There must be at least one gt/gte/lt/lte field present in the filter.
Filtering array fields¶
When filtering array/list fields (int[], long[], float[], double[]), the range filter matches if any element in the array satisfies the condition:
{
"query": { "match_all": {}},
"filters": {
"include": {
"range": {
"ratings": { "gte": 4 }
}
}
}
}
This query matches documents where any rating in the ratings array is >= 4. For example, a document with "ratings": [2, 3, 5, 1] would match because one element (5) satisfies the condition.
You can also combine multiple range conditions on array fields:
{
"query": { "match_all": {}},
"filters": {
"include": {
"and": [
{ "range": { "sizes": { "gte": 7.0 }}},
{ "range": { "sizes": { "lte": 10.0 }}}
]
}
}
}
Boolean filters¶
You can combine multiple basic range and term filters together into a more complicated boolean expression using and, or and not filter types from the boolean family. Each of these filter types takes a list of other filters as an argument:
{
"query": {"match_all": {}},
"filters": {
"include": {
"and": [ "<filter 1>", "<filter 2>", "..." ]
}
}
}
For example, to match documents with multiple field values at once, you can define the following query:
{
"query": { "match_all": {}},
"filters": {
"include": {
"or": [
{ "term": { "color": "red" }},
{ "term": { "color": "green"}}
]
}
}
}
Nesting of boolean filters is also possible:
{
"query": { "match_all": {}},
"filters": {
"include": {
"and": [
{"range": { "price": {"gte": 100}}},
{
"or": [
{"term": {"color": "red"}},
{"term": {"color": "green"}}
]
}
]
}
}
}
Geolocation filters¶
With a geopoint datatype, you can filter by a geo_distance and geo_box predicates.
Distance filters¶
With a distance query, you can include/exclude documents being within a distance from a point. Query example:
{
"query": { "match_all": {}},
"filters": {
"include": {
"geo_distance": {
"field": "<field_name>",
"lat": 1.0,
"lon": 2.0,
"distance": "1 km"
}
}
}
}
Following distance units are supported:
- Millimeters:
mm,millimeters,millimeter - Centimeters:
cm,centimeters,centimeter - Meters:
m,meter,meters - Kilometers:
km,kilometer,kilometers - Inches:
in,inch,inches - Feet:
ft,foot,feet - Yards:
yd,yard,yards - Miles:
mi,mile,miles
Bounding box filters¶
With a bounding box query, you can include documents laying within a specific rectangle.
{
"query": { "match_all": {}},
"filters": {
"include": {
"geo_box": {
"field": "<field_name>",
"top_left": {"lat": 1.0, "lon": 2.0},
"bottom_right": {"lat": 3.0, "lon": 4.0}
}
}
}
}
Filters and lexical/semantic search¶
Nixiesearch relies on Lucene logic to handle filter execution:
- for lexical search include/exclude filters are fused together into a single Lucene query, doing filtering and ranking in a single pass.

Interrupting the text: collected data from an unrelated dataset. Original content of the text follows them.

lemma mpoly_fun_mult:
  assumes "mpoly_fun n d1 P" "mpoly_fun n d2 Q"
  shows "mpoly_fun n (d1 + d2) (\<lambda>v. P v * Q v)"
proof -
  obtain A a where A: "finite A" "\<forall>e\<in>A. (\<forall>j\<ge>n. e j = 0) \<and> (\<Sum>j<n. e j) \<le> d1"
      "\<forall>v. P v = (\<Sum>e\<in>A. a e * (\<Prod>j<n. v j ^ e j))"
    using assms(1) unfolding mpoly_fun_def by blast
  obtain B b where B: "finite B" "\<forall>e\<in>B. (\<forall>j\<ge>n. e j = 0) \<and> (\<Sum>j<n. e j) \<le> d2"
      "\<forall>v. Q v = (\<Sum>e\<in>B. b e * (\<Prod>j<n. v j ^ e j))"
    using assms(2) unfolding mpoly_fun_def by blast
  show ?thesis
  proof (rule mpoly_funI[where X="A \<times> B" and e="\<lambda>(e, e') j. e j + e' j" and c="\<lambda>(e, e'). a e * b e'"])
    show "finite (A \<times> B)" using A B by simp
  next
    fix x assume "x \<in> A \<times> B"
    then obtain e e' where "x = (e, e')" "e \<in> A" "e' \<in> B" by auto
    then show "(\<forall>j\<ge>n. (case x of (e, e') \<Rightarrow> \<lambda>j. e j + e' j) j = 0)
        \<and> (\<Sum>j<n. (case x of (e, e') \<Rightarrow> \<lambda>j. e j + e' j) j) \<le> d1 + d2"
      using A(2) B(2) by (auto simp: sum.distrib add_mono)
  next
    fix v
    have "P v * Q v = (\<Sum>e\<in>A. \<Sum>e'\<in>B. (a e * (\<Prod>j<n. v j ^ e j)) * (b e' * (\<Prod>j<n. v j ^ e' j)))"
      using A(3) B(3) by (simp add: sum_product)
    also have "\<dots> = (\<Sum>e\<in>A. \<Sum>e'\<in>B. (a e * b e') * (\<Prod>j<n. v j ^ (e j + e' j)))"
      by (intro sum.cong refl) (simp add: power_add prod.distrib mult_ac)
    finally show "P v * Q v = (\<Sum>x\<in>A \<times> B. (case x of (e, e') \<Rightarrow> a e * b e')
        * (\<Prod>j<n. v j ^ (case x of (e, e') \<Rightarrow> \<lambda>j. e j + e' j) j))"
      by (simp add: sum.cartesian_product split_def)
  qed
qed

lemma mpoly_fun_cmult: "mpoly_fun n d P \<Longrightarrow> mpoly_fun n d (\<lambda>v. k * P v)"
  using mpoly_fun_mult[OF mpoly_fun_const[of n 0 k]] by simp

lemma mpoly_fun_sum:
  "finite K \<Longrightarrow> (\<And>k. k \<in> K \<Longrightarrow> mpoly_fun n d (F k)) \<Longrightarrow> mpoly_fun n d (\<lambda>v. \<Sum>k\<in>K. F k v)"
  by (induction K rule: finite_induct) (auto intro: mpoly_fun_add mpoly_fun_const)

lemma mpoly_fun_prod:
  "finite K \<Longrightarrow> (\<And>k. k \<in> K \<Longrightarrow> mpoly_fun n (d k) (F k))
    \<Longrightarrow> mpoly_fun n (\<Sum>k\<in>K. d k) (\<lambda>v. \<Prod>k\<in>K. F k v)"
  by (induction K rule: finite_induct) (auto intro: mpoly_fun_mult mpoly_fun_const)

lemma mpoly_fun_power: "mpoly_fun n d P \<Longrightarrow> mpoly_fun n (q * d) (\<lambda>v. P v ^ q)"
  by (induction q) (auto intro: mpoly_fun_mult mpoly_fun_const)

lemma mpoly_fun_linear_form:
  assumes "k + r \<le> n"
  shows "mpoly_fun n 1 (\<lambda>v. \<Sum>l<r. c l * v (k + l))"
  using assms by (intro mpoly_fun_sum mpoly_fun_cmult mpoly_fun_var) auto

lemma mpoly_fun_quadratic_form:
  assumes "k + r \<le> n"
  shows "mpoly_fun n 2 (\<lambda>v. \<Sum>a<r. \<Sum>b<r. c a b * (v (k + a) * v (k + b)))"
proof -
  have "mpoly_fun n 2 (\<lambda>v. v (k + a) * v (k + b))" if "a < r" "b < r" for a b
    using assms that mpoly_fun_mult[OF mpoly_fun_var[of "k + a" n 1] mpoly_fun_var[of "k + b" n 1]]
    by (simp add: numeral_2_eq_2)
  then show ?thesis by (intro mpoly_fun_sum mpoly_fun_cmult) auto
qed

definition lagrange_basis :: "(nat \<Rightarrow> real) \<Rightarrow> nat \<Rightarrow> nat \<Rightarrow> real poly" where
  "lagrange_basis x r l = (\<Prod>m\<in>{..<r} - {l}. smult (1 / (x l - x m)) [:- x m, 1:])"

definition lagrange_interp :: "(nat \<Rightarrow> real) \<Rightarrow> nat \<Rightarrow> (nat \<Rightarrow> real) \<Rightarrow> real poly" where
  "lagrange_interp x r w = (\<Sum>l<r. smult (w l) (lagrange_basis x r l))"

lemma degree_lagrange_basis:
  assumes "l < r"
  shows "degree (lagrange_basis x r l) \<le> r - 1"
proof -
  have "degree (lagrange_basis x r l) \<le> (\<Sum>m\<in>{..<r} - {l}. degree (smult (1 / (x l - x m)) [:- x m, 1:]))"
    unfolding lagrange_basis_def by (rule order_trans[OF degree_prod_sum_le]) (auto simp: comp_def)
  also have "\<dots> \<le> (\<Sum>m\<in>{..<r} - {l}. 1)"
    by (intro sum_mono) (simp add: degree_smult_le)
  also have "\<dots> = r - 1"
    using \<open>l < r\<close> by (simp add: card_Diff_singleton)
  finally show ?thesis .
qed

lemma degree_lagrange_interp: "degree (lagrange_interp x r w) \<le> r - 1"
  unfolding lagrange_interp_def
  by (intro degree_sum_le order_trans[OF degree_smult_le] degree_lagrange_basis) simp_all

lemma poly_lagrange_basis:
  assumes "inj_on x {..<r}" "j < r" "l < r"
  shows "poly (lagrange_basis x r l) (x j) = (if j = l then 1 else 0)"
proof -
  have "poly (lagrange_basis x r l) (x j) = (\<Prod>m\<in>{..<r} - {l}. (x j - x m) / (x l - x m))"
    unfolding lagrange_basis_def poly_prod by (intro prod.cong) (auto simp: diff_divide_distrib)
  also have "\<dots> = (if j = l then 1 else 0)"
  proof (cases "j = l")
    case True
    have "x l \<noteq> x m" if "m \<in> {..<r} - {l}" for m
      using assms(1,3) that by (auto dest: inj_onD)
    then show ?thesis using True by (simp add: prod.neutral)
  next
    case False
    then show ?thesis using assms by (auto intro!: prod_zero bexI[of _ j])
  qed
  finally show ?thesis .
qed

lemma poly_lagrange_interp:
  assumes "inj_on x {..<r}" "j < r"
  shows "poly (lagrange_interp x r w) (x j) = w j"
proof -
  have "poly (lagrange_interp x r w) (x j) = (\<Sum>l<r. w l * (if j = l then 1 else 0))"
    unfolding lagrange_interp_def poly_sum using assms
    by (intro sum.cong) (auto simp: poly_lagrange_basis)
  also have "\<dots> = w j" using assms by (simp add: if_distrib sum.delta cong: if_cong)
  finally show ?thesis .
qed

lemma lagrange_interp_unique:
  assumes inj: "inj_on x {..<r}" and "r > 0"
    and "degree q \<le> r - 1" and "\<forall>l<r. poly q (x l) = w l"
  shows "q = lagrange_interp x r w"
proof (rule poly_eqI_degree[where A="x ` {..<r}"])
  show "poly q y = poly (lagrange_interp x r w) y" if "y \<in> x ` {..<r}" for y
    using that assms poly_lagrange_interp by auto
  have "card (x ` {..<r}) = r" using inj by (simp add: card_image)
  then show "degree q < card (x ` {..<r})" "degree (lagrange_interp x r w) < card (x ` {..<r})"
    using assms degree_lagrange_interp[of x r w] by auto
qed

lemma poly_higher_pderiv_lagrange_interp:
  "poly ((pderiv ^^ s) (lagrange_interp x r w)) t
    = (\<Sum>a<r. w a * poly ((pderiv ^^ s) (lagrange_basis x r a)) t)"
  unfolding lagrange_interp_def higher_pderiv_sum higher_pderiv_smult poly_sum by simp

lemma integral_sq_higher_pderiv_lagrange_interp:
  fixes lo hi :: real
  shows "integral {lo..hi} (\<lambda>t. (poly ((pderiv ^^ s) (lagrange_interp x r w)) t)\<^sup>2)
    = (\<Sum>a<r. \<Sum>b<r. integral {lo..hi} (\<lambda>t. poly ((pderiv ^^ s) (lagrange_basis x r a)) t
                                          * poly ((pderiv ^^ s) (lagrange_basis x r b)) t)
                    * (w a * w b))"
proof -
  let ?B = "\<lambda>a t. poly ((pderiv ^^ s) (lagrange_basis x r a)) t"
  have int: "(\<lambda>t. ?B a t * ?B b t * c) integrable_on {lo..hi}" for a b c
    by (intro integrable_continuous_interval continuous_intros)
  have "(\<lambda>t. (poly ((pderiv ^^ s) (lagrange_interp x r w)) t)\<^sup>2)
      = (\<lambda>t. \<Sum>a<r. \<Sum>b<r. ?B a t * ?B b t * (w a * w b))"
    by (simp add: poly_higher_pderiv_lagrange_interp power2_eq_square sum_product mult_ac)
  then show ?thesis
    by (simp add: integral_sum integrable_sum int)
qed

lemma normalized_weighted_sum_eq:
  fixes C E g :: "'k \<Rightarrow> real"
  assumes "finite K" "\<And>j. j \<in> K \<Longrightarrow> E j \<noteq> 0"
  shows "(\<Sum>k\<in>K. (C k / E k) / (\<Sum>j\<in>K. C j / E j) * g k)
    = (\<Sum>k\<in>K. C k * g k * (\<Prod>j\<in>K - {k}. E j)) / (\<Sum>k\<in>K. C k * (\<Prod>j\<in>K - {k}. E j))"
proof -
  define D where "D = (\<Prod>j\<in>K. E j)"
  have "D \<noteq> 0" unfolding D_def using assms by simp
  have weight: "C k / E k = C k * (\<Prod>j\<in>K - {k}. E j) / D" if "k \<in> K" for k
    using assms that unfolding D_def by (simp add: prod.remove[of K k] field_simps)
  have num: "(\<Sum>k\<in>K. C k / E k * g k) = (\<Sum>k\<in>K. C k * g k * (\<Prod>j\<in>K - {k}. E j)) / D"
    unfolding sum_divide_distrib by (intro sum.cong refl) (simp add: weight mult_ac)
  have den: "(\<Sum>k\<in>K. C k / E k) = (\<Sum>k\<in>K. C k * (\<Prod>j\<in>K - {k}. E j)) / D"
    unfolding sum_divide_distrib by (intro sum.cong refl) (simp add: weight)
  have "(\<Sum>k\<in>K. (C k / E k) / (\<Sum>j\<in>K. C j / E j) * g k)
      = (\<Sum>k\<in>K. C k / E k * g k) / (\<Sum>k\<in>K. C k / E k)"
    by (simp add: sum_divide_distrib)
  then show ?thesis unfolding num den using \<open>D \<noteq> 0\<close> by simp
qed

lemma mpoly_fun_normalized_weighted_sum:
  fixes G S :: "nat \<Rightarrow> (nat \<Rightarrow> real) \<Rightarrow> real" and C :: "nat \<Rightarrow> real"
  assumes "r > 0" "eps > 0" "\<And>k. k < r \<Longrightarrow> C k > 0"
    and G: "\<And>k. k < r \<Longrightarrow> mpoly_fun n dG (G k)"
    and S: "\<And>k. k < r \<Longrightarrow> mpoly_fun n dS (S k)" "\<And>k v. k < r \<Longrightarrow> S k v \<ge> 0"
  shows "\<exists>P1 P2. mpoly_fun n (dG + p * dS * (r - 1)) P1 \<and> mpoly_fun n (p * dS * (r - 1)) P2
    \<and> (\<forall>v. P2 v > 0)
    \<and> (\<forall>v. (\<Sum>k<r. (C k / (eps + S k v) ^ p) / (\<Sum>j<r. C j / (eps + S j v) ^ p) * G k v)
           = P1 v / P2 v)"
proof (intro exI conjI allI)
  let ?E = "\<lambda>j v. (eps + S j v) ^ p"
  have E_pos: "?E j v > 0" if "j < r" for j v
    using S(2)[OF that, of v] \<open>eps > 0\<close> by simp
  have E_nonzero: "?E j v \<noteq> 0" if "j < r" for j v
    using E_pos[OF that, of v] by linarith
  have others: "mpoly_fun n (p * dS * (r - 1)) (\<lambda>v. \<Prod>j\<in>{..<r} - {k}. ?E j v)" if "k < r" for k
  proof -
    have "mpoly_fun n (\<Sum>j\<in>{..<r} - {k}. p * dS) (\<lambda>v. \<Prod>j\<in>{..<r} - {k}. ?E j v)"
      using S(1) by (intro mpoly_fun_prod mpoly_fun_power mpoly_fun_add mpoly_fun_const) auto
    then show ?thesis using that by (simp add: card_Diff_singleton mult.commute)
  qed
  have "mpoly_fun n (dG + p * dS * (r - 1)) (\<lambda>v. C k * (G k v * (\<Prod>j\<in>{..<r} - {k}. ?E j v)))"
    if "k < r" for k
    using that by (intro mpoly_fun_cmult mpoly_fun_mult G others)
  then show "mpoly_fun n (dG + p * dS * (r - 1)) (\<lambda>v. \<Sum>k<r. C k * G k v * (\<Prod>j\<in>{..<r} - {k}. ?E j v))"
    by (intro mpoly_fun_sum) (simp_all add: mult.assoc)
  show "mpoly_fun n (p * dS * (r - 1)) (\<lambda>v. \<Sum>k<r. C k * (\<Prod>j\<in>{..<r} - {k}. ?E j v))"
    by (intro mpoly_fun_sum mpoly_fun_cmult others) simp_all
  show "(\<Sum>k<r. C k * (\<Prod>j\<in>{..<r} - {k}. ?E j v)) > 0" for v
    using assms E_pos by (intro sum_pos mult_pos_pos prod_pos) auto
  show "(\<Sum>k<r. (C k / ?E k v) / (\<Sum>j<r. C j / ?E j v) * G k v)
      = (\<Sum>k<r. C k * G k v * (\<Prod>j\<in>{..<r} - {k}. ?E j v))
        / (\<Sum>k<r. C k * (\<Prod>j\<in>{..<r} - {k}. ?E j v))" for v
    using E_nonzero by (intro normalized_weighted_sum_eq) auto
qed

definition weno_nodes :: "nat \<Rightarrow> real \<Rightarrow> real \<Rightarrow> int \<Rightarrow> nat \<Rightarrow> nat \<Rightarrow> real" where
  "weno_nodes r x0 dx i k l = grid x0 dx (i + int k - int r + 1 + int l)"

text \<open>The argument \<open>v\<close> is the vector of all stencil values, \<open>v j = f\<^sub>i\<^sub>-\<^sub>r\<^sub>+\<^sub>1\<^sub>+\<^sub>j\<close>, so that
  the stencil \<open>S\<^sup>k\<close> reads off \<open>v k, \<dots>, v (k + r - 1)\<close>.\<close>

definition weno_stencil_poly :: "nat \<Rightarrow> real \<Rightarrow> real \<Rightarrow> int \<Rightarrow> nat \<Rightarrow> (nat \<Rightarrow> real) \<Rightarrow> real poly" where
  "weno_stencil_poly r x0 dx i k v = lagrange_interp (weno_nodes r x0 dx i k) r (\<lambda>l. v (k + l))"

definition weno_g_form :: "nat \<Rightarrow> real \<Rightarrow> real \<Rightarrow> int \<Rightarrow> nat \<Rightarrow> (nat \<Rightarrow> real) \<Rightarrow> real" where
  "weno_g_form r x0 dx i k v = poly (weno_stencil_poly r x0 dx i k v) (grid x0 dx i + dx / 2)"

definition weno_IS_form :: "nat \<Rightarrow> real \<Rightarrow> real \<Rightarrow> int \<Rightarrow> nat \<Rightarrow> (nat \<Rightarrow> real) \<Rightarrow> real" where
  "weno_IS_form r x0 dx i k v =
     (\<Sum>l\<in>{1..r - 1}. dx ^ (2 * l - 1) *
        integral {grid x0 dx i - dx / 2 .. grid x0 dx i + dx / 2}
          (\<lambda>t. (poly ((pderiv ^^ l) (weno_stencil_poly r x0 dx i k v)) t)\<^sup>2))"

lemma weno_pk_eq_stencil_poly:
  assumes "dx > 0" "r > 0"
  shows "weno_pk r x0 dx f i k = weno_stencil_poly r x0 dx i k (\<lambda>j. f (grid x0 dx (i - int r + 1 + int j)))"
proof -
  let ?x = "weno_nodes r x0 dx i k"
  let ?w = "\<lambda>l. f (grid x0 dx (i - int r + 1 + int (k + l)))"
  have inj: "inj_on ?x {..<r}" using \<open>dx > 0\<close> by (auto simp: inj_on_def weno_nodes_def grid_def)
  have w: "?w l = f (?x l)" for l by (simp add: weno_nodes_def algebra_simps)
  have "weno_pk r x0 dx f i k = lagrange_interp ?x r ?w"
    unfolding weno_pk_def weno_nodes_def[symmetric]
  proof (rule the_equality)
    show "degree (lagrange_interp ?x r ?w) \<le> r - 1
        \<and> (\<forall>l<r. poly (lagrange_interp ?x r ?w) (?x l) = f (?x l))"
      using degree_lagrange_interp poly_lagrange_interp[OF inj] w by auto
    show "q = lagrange_interp ?x r ?w" if "degree q \<le> r - 1 \<and> (\<forall>l<r. poly q (?x l) = f (?x l))" for q
      using that lagrange_interp_unique[OF inj \<open>r > 0\<close>, of q ?w] w by auto
  qed
  then show ?thesis unfolding weno_stencil_poly_def by simp
qed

- for semantic search filter behavior is selected at run-time based on filter coverage estimation.
Narrow filters (e.g. selecting only small amount of documents) are defined as pre-filters and executed before the query. Wide filters (e.g. selecting a lot of documents) are executed as post-filters after the main search query. This adaptive behavior is made for performance reasons.